_WORK ORDER_
Every line of the records that holds the word "cases" should be copied out.

SUPPLIED RECORDS below:

lemma bohr_B_almost_periodic_uniformly_continuous:
  fixes F :: "real ^ 'n::finite \<Rightarrow> 'x::metric_space \<Rightarrow> 'y::real_normed_vector"
  assumes cont: "continuous_on UNIV (\<lambda>(t, x). F t x)"
    and "compact B" and ap: "bohr_B_almost_periodic F {B}" and "e > 0"
  obtains \<delta> where "\<delta> > 0" "\<And>t t' x. x \<in> B \<Longrightarrow> dist t t' < \<delta> \<Longrightarrow> norm (F t x - F t' x) \<le> e"
proof -
  have "e/3 > 0" using \<open>e > 0\<close> by simp
  (* a common almost period moves t and t' into cball 0 (l + 1), where F is uniformly continuous *)
  obtain l where l: "\<And>t. \<exists>\<tau>. almost_period F B (e/3) \<tau> \<and> norm (t + \<tau>) \<le> l"
    using bohr_B_almost_periodic_shift_into_ball[OF ap \<open>e/3 > 0\<close>] by blast
  let ?K = "cball 0 (l + 1) \<times> B"
  have "uniformly_continuous_on ?K (\<lambda>(t, x). F t x)"
    using \<open>compact B\<close> by (intro compact_uniformly_continuous continuous_on_subset[OF cont])
      (auto intro: compact_Times)
  then obtain d where "d > 0" and d: "\<forall>z\<in>?K. \<forall>z'\<in>?K. dist z' z < d \<longrightarrow>
      dist ((\<lambda>(t, x). F t x) z') ((\<lambda>(t, x). F t x) z) < e/3"
    unfolding uniformly_continuous_on_def using \<open>e/3 > 0\<close> by blast
  have "norm (F t x - F t' x) \<le> e" if "x \<in> B" and tt': "dist t t' < min d 1" for t t' x
  proof -
    obtain \<tau> where \<tau>: "almost_period F B (e/3) \<tau>" and "norm (t + \<tau>) \<le> l"
      using l by blast
    have "norm (t' + \<tau>) \<le> norm (t + \<tau>) + norm (t' - t)"
      using norm_triangle_ineq[of "t + \<tau>" "t' - t"] by (simp add: add.commute)
    also have "norm (t' - t) = dist t t'"
      by (simp add: dist_norm norm_minus_commute)
    finally have "(t + \<tau>, x) \<in> ?K" "(t' + \<tau>, x) \<in> ?K"
      using \<open>norm (t + \<tau>) \<le> l\<close> \<open>x \<in> B\<close> tt' by auto
    moreover have "dist (t + \<tau>, x) (t' + \<tau>, x) < d"
      using tt' by (simp add: dist_Pair_Pair dist_norm)
    ultimately have "dist ((\<lambda>(t, x). F t x) (t + \<tau>, x)) ((\<lambda>(t, x). F t x) (t' + \<tau>, x)) < e/3"
      using d by blast
    then have "norm (F (t + \<tau>) x - F (t' + \<tau>) x) \<le> e/3"
      by (simp add: dist_norm)
    moreover have "norm (F t x - F (t + \<tau>) x) \<le> e/3" "norm (F (t' + \<tau>) x - F t' x) \<le> e/3"
      using \<tau> \<open>x \<in> B\<close> by (auto simp: almost_period_def norm_minus_commute)
    ultimately have "norm (F t x - F t' x) \<le> e/3 + e/3 + e/3"
      using norm_diff_triangle_le by blast
    then show ?thesis by simp
  qed
  moreover have "min d 1 > 0" using \<open>d > 0\<close> by simp
  ultimately show thesis using that by blast
qed

lemma bohr_B_almost_periodic_finite_net:
  fixes F :: "real ^ 'n::finite \<Rightarrow> 'x::metric_space \<Rightarrow> 'y::real_normed_vector"
  assumes cont: "continuous_on UNIV (\<lambda>(t, x). F t x)"
    and "compact B" and ap: "bohr_B_almost_periodic F {B}" and "e > 0"
  obtains K where "finite K" "\<And>s. \<exists>s'\<in>K. almost_period F B e (s - s')"
proof -
  obtain \<delta> where "\<delta> > 0" and \<delta>: "\<And>t t' x. x \<in> B \<Longrightarrow> dist t t' < \<delta> \<Longrightarrow> norm (F t x - F t' x) \<le> e/2"
    using bohr_B_almost_periodic_uniformly_continuous[OF cont \<open>compact B\<close> ap half_gt_zero[OF \<open>e > 0\<close>]]
    by blast
  obtain l where l: "\<And>t. \<exists>\<tau>. almost_period F B (e/2) \<tau> \<and> norm (t + \<tau>) \<le> l"
    using bohr_B_almost_periodic_shift_into_ball[OF ap half_gt_zero[OF \<open>e > 0\<close>]] by blast
  obtain K where "finite K" and K: "cball (0 :: real ^ 'n) l \<subseteq> (\<Union>c\<in>K. ball c \<delta>)"
    using compact_eq_totally_bounded[THEN iffD1, OF compact_cball, THEN conjunct2,
        rule_format, OF \<open>\<delta> > 0\<close>]
    by blast
  have "\<exists>s'\<in>K. almost_period F B e (s - s')" for s
  proof -
    obtain \<tau> where \<tau>: "almost_period F B (e/2) \<tau>" and "norm (s + \<tau>) \<le> l"
      using l by blast
    then have "s + \<tau> \<in> cball 0 l" by simp
    then obtain s' where "s' \<in> K" and "s + \<tau> \<in> ball s' \<delta>"
      using K by blast
    then have s': "dist s' (s + \<tau>) < \<delta>" by simp
    have "norm (F (t + s) x - F (t + s') x) \<le> e" if "x \<in> B" for t x
    proof -
      have "norm (F (t + s + \<tau>) x - F (t + s) x) \<le> e/2"
        using \<tau> \<open>x \<in> B\<close> unfolding almost_period_def by blast
      then have "norm (F (t + s) x - F (t + s + \<tau>) x) \<le> e/2"
        by (simp add: norm_minus_commute)
      moreover have "dist (t + s + \<tau>) (t + s') < \<delta>"
        using s' by (simp add: dist_norm norm_minus_commute algebra_simps)
      then have "norm (F (t + s + \<tau>) x - F (t + s') x) \<le> e/2"
        using \<delta> \<open>x \<in> B\<close> by blast
      ultimately have "norm (F (t + s) x - F (t + s') x) \<le> e/2 + e/2"
        by (rule norm_diff_triangle_le)
      then show ?thesis by simp
    qed
    with \<open>s' \<in> K\<close> show ?thesis by (auto simp: almost_period_diff_iff)
  qed
  with \<open>finite K\<close> show thesis by (rule that)
qed

lemma finite_nets_imp_uniformly_Cauchy_subseq:
  fixes f :: "'i \<Rightarrow> 'a \<Rightarrow> 'b::metric_space" and \<sigma> :: "nat \<Rightarrow> 'i"
  assumes f_bounded: "\<And>i. bounded (f i ` S)"
    and nets: "\<And>e. e > 0 \<Longrightarrow> \<exists>K. finite K \<and> (\<forall>i. \<exists>k\<in>K. \<forall>z\<in>S. dist (f i z) (f k z) \<le> e)"
  shows "\<exists>r. strict_mono r \<and> uniformly_Cauchy_on S (\<lambda>n. f (\<sigma> (r n)))"
proof (cases "S = {}")
  case True
  then show ?thesis
    by (intro exI[of _ id]) (simp add: strict_mono_def uniformly_Cauchy_on_def)
next
  case False
  interpret FS: Metric_space "Met_TC.fspace S" "Met_TC.fdist S"
    by (rule Met_TC.Metric_space_funspace)
  define g where "g i = restrict (f i) S" for i
  have g_in: "g i \<in> Met_TC.fspace S" for i
    using f_bounded by (simp add: Met_TC.fspace_def g_def)
  have fdist_le: "Met_TC.fdist S (g i) (g j) \<le> a \<longleftrightarrow> (\<forall>z\<in>S. dist (f i z) (f j z) \<le> a)" for i j a
    using Met_TC.funspace_mdist_le[OF g_in g_in False] by (simp add: g_def)
  have "FS.mtotally_bounded (range g)"
    unfolding FS.mtotally_bounded_def
  proof (intro allI impI)
    fix e :: real assume "e > 0"
    then obtain K where "finite K" and K: "\<forall>i. \<exists>k\<in>K. \<forall>z\<in>S. dist (f i z) (f k z) \<le> e/2"
      using nets[of "e/2"] by auto
    have "g i \<in> FS.mball (g k) e" if "\<forall>z\<in>S. dist (f i z) (f k z) \<le> e/2" for i k
    proof -
      have "Met_TC.fdist S (g k) (g i) \<le> e/2"
        unfolding fdist_le using that by (simp add: dist_commute)
      with \<open>e > 0\<close> g_in show ?thesis by simp
    qed
    with K have "range g \<subseteq> (\<Union>k\<in>g ` K. FS.mball k e)" by blast
    with \<open>finite K\<close> show "\<exists>K. finite K \<and> K \<subseteq> range g \<and> range g \<subseteq> (\<Union>k\<in>K. FS.mball k e)"
      by (intro exI[of _ "g ` K"]) auto
  qed
  moreover have "range (g \<circ> \<sigma>) \<subseteq> range g" by auto
  ultimately obtain r where "strict_mono r" and Cauchy: "FS.MCauchy (g \<circ> \<sigma> \<circ> r)"
    unfolding FS.mtotally_bounded_sequentially by blast
  have "uniformly_Cauchy_on S (\<lambda>n. f (\<sigma> (r n)))"
    unfolding uniformly_Cauchy_on_def
  proof (intro allI impI)
    fix e :: real assume "e > 0"
    have "\<forall>\<epsilon>>0. \<exists>N. \<forall>m\<ge>N. \<forall>n\<ge>N. Met_TC.fdist S (g (\<sigma> (r m))) (g (\<sigma> (r n))) < \<epsilon>"
      using Cauchy unfolding FS.MCauchy_def by simp
    then obtain N where N: "\<And>m n. N \<le> m \<Longrightarrow> N \<le> n \<Longrightarrow> Met_TC.fdist S (g (\<sigma> (r m))) (g (\<sigma> (r n))) < e"
      using \<open>e > 0\<close> by blast
    have "dist (f (\<sigma> (r m)) z) (f (\<sigma> (r n)) z) < e" if "N \<le> m" "N \<le> n" "z \<in> S" for m n z
    proof -
      have "dist (f (\<sigma> (r m)) z) (f (\<sigma> (r n)) z) \<le> Met_TC.fdist S (g (\<sigma> (r m))) (g (\<sigma> (r n)))"
        using fdist_le[THEN iffD1, OF order_refl] \<open>z \<in> S\<close> by blast
      also have "\<dots> < e"
        using N[OF that(1,2)] .
      finally show ?thesis .
    qed
    then show "\<exists>M. \<forall>z\<in>S. \<forall>m\<ge>M. \<forall>n\<ge>M. dist (f (\<sigma> (r m)) z) (f (\<sigma> (r n)) z) < e"
      by blast
  qed
  with \<open>strict_mono r\<close> show ?thesis by blast
qed

lemma bohr_B_almost_periodic_imp_uniformly_Cauchy_translates:
  fixes F :: "real ^ 'n::finite \<Rightarrow> 'x::metric_space \<Rightarrow> 'y::real_normed_vector"
    and b :: "nat \<Rightarrow> real ^ 'n"
  assumes cont: "continuous_on UNIV (\<lambda>(t, x). F t x)"
    and "compact B" and ap: "bohr_B_almost_periodic F {B}"
  shows "\<exists>r. strict_mono r \<and> uniformly_Cauchy_on (UNIV \<times> B) (\<lambda>k (t, x). F (t + b (r k)) x)"
proof -
  let ?f = "\<lambda>s (t, x). F (t + s) x"
  have "?f s ` (UNIV \<times> B) \<subseteq> (\<lambda>(t, x). F t x) ` (UNIV \<times> B)" for s
  proof (rule image_subsetI)
    fix z :: "(real ^ 'n) \<times> 'x" assume "z \<in> UNIV \<times> B"
    then show "?f s z \<in> (\<lambda>(t, x). F t x) ` (UNIV \<times> B)"
      by (intro rev_image_eqI[of "(fst z + s, snd z)"]) (auto simp: case_prod_beta)
  qed
  then have translates_bounded: "bounded (?f s ` (UNIV \<times> B))" for s
    using bohr_B_almost_periodic_bounded[OF cont \<open>compact B\<close> ap] bounded_subset by blast
  have translates_nets: "\<exists>K. finite K \<and> (\<forall>s. \<exists>s'\<in>K. \<forall>z\<in>UNIV \<times> B. dist (?f s z) (?f s' z) \<le> e)"
    if "e > 0" for e
  proof -
    obtain K where "finite K" and K: "\<And>s. \<exists>s'\<in>K. almost_period F B e (s - s')"
      using bohr_B_almost_periodic_finite_net[OF cont \<open>compact B\<close> ap \<open>e > 0\<close>] by blast
    have close: "\<forall>z\<in>UNIV \<times> B. dist (?f s z) (?f s' z) \<le> e"
      if "almost_period F B e (s - s')" for s s'
    proof
      fix z :: "(real ^ 'n) \<times> 'x" assume "z \<in> UNIV \<times> B"
      with that show "dist (?f s z) (?f s' z) \<le> e"
        by (cases z) (simp add: almost_period_diff_iff dist_norm)
    qed
    show ?thesis
    proof (intro exI[of _ K] conjI allI)
      fix s
      obtain s' where "s' \<in> K" and "almost_period F B e (s - s')"
        using K by blast
      from close[OF this(2)] \<open>s' \<in> K\<close>
      show "\<exists>s'\<in>K. \<forall>z\<in>UNIV \<times> B. dist (?f s z) (?f s' z) \<le> e"
        by (rule bexI)
    qed fact
  qed
  show ?thesis
    using finite_nets_imp_uniformly_Cauchy_subseq[of ?f "UNIV \<times> B", OF translates_bounded translates_nets] .
qed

End of SUPPLIED RECORDS.

_SOLVED EXERCISE_
proof (cases "S = {}")
        by (cases z) (simp add: almost_period_diff_iff dist_norm)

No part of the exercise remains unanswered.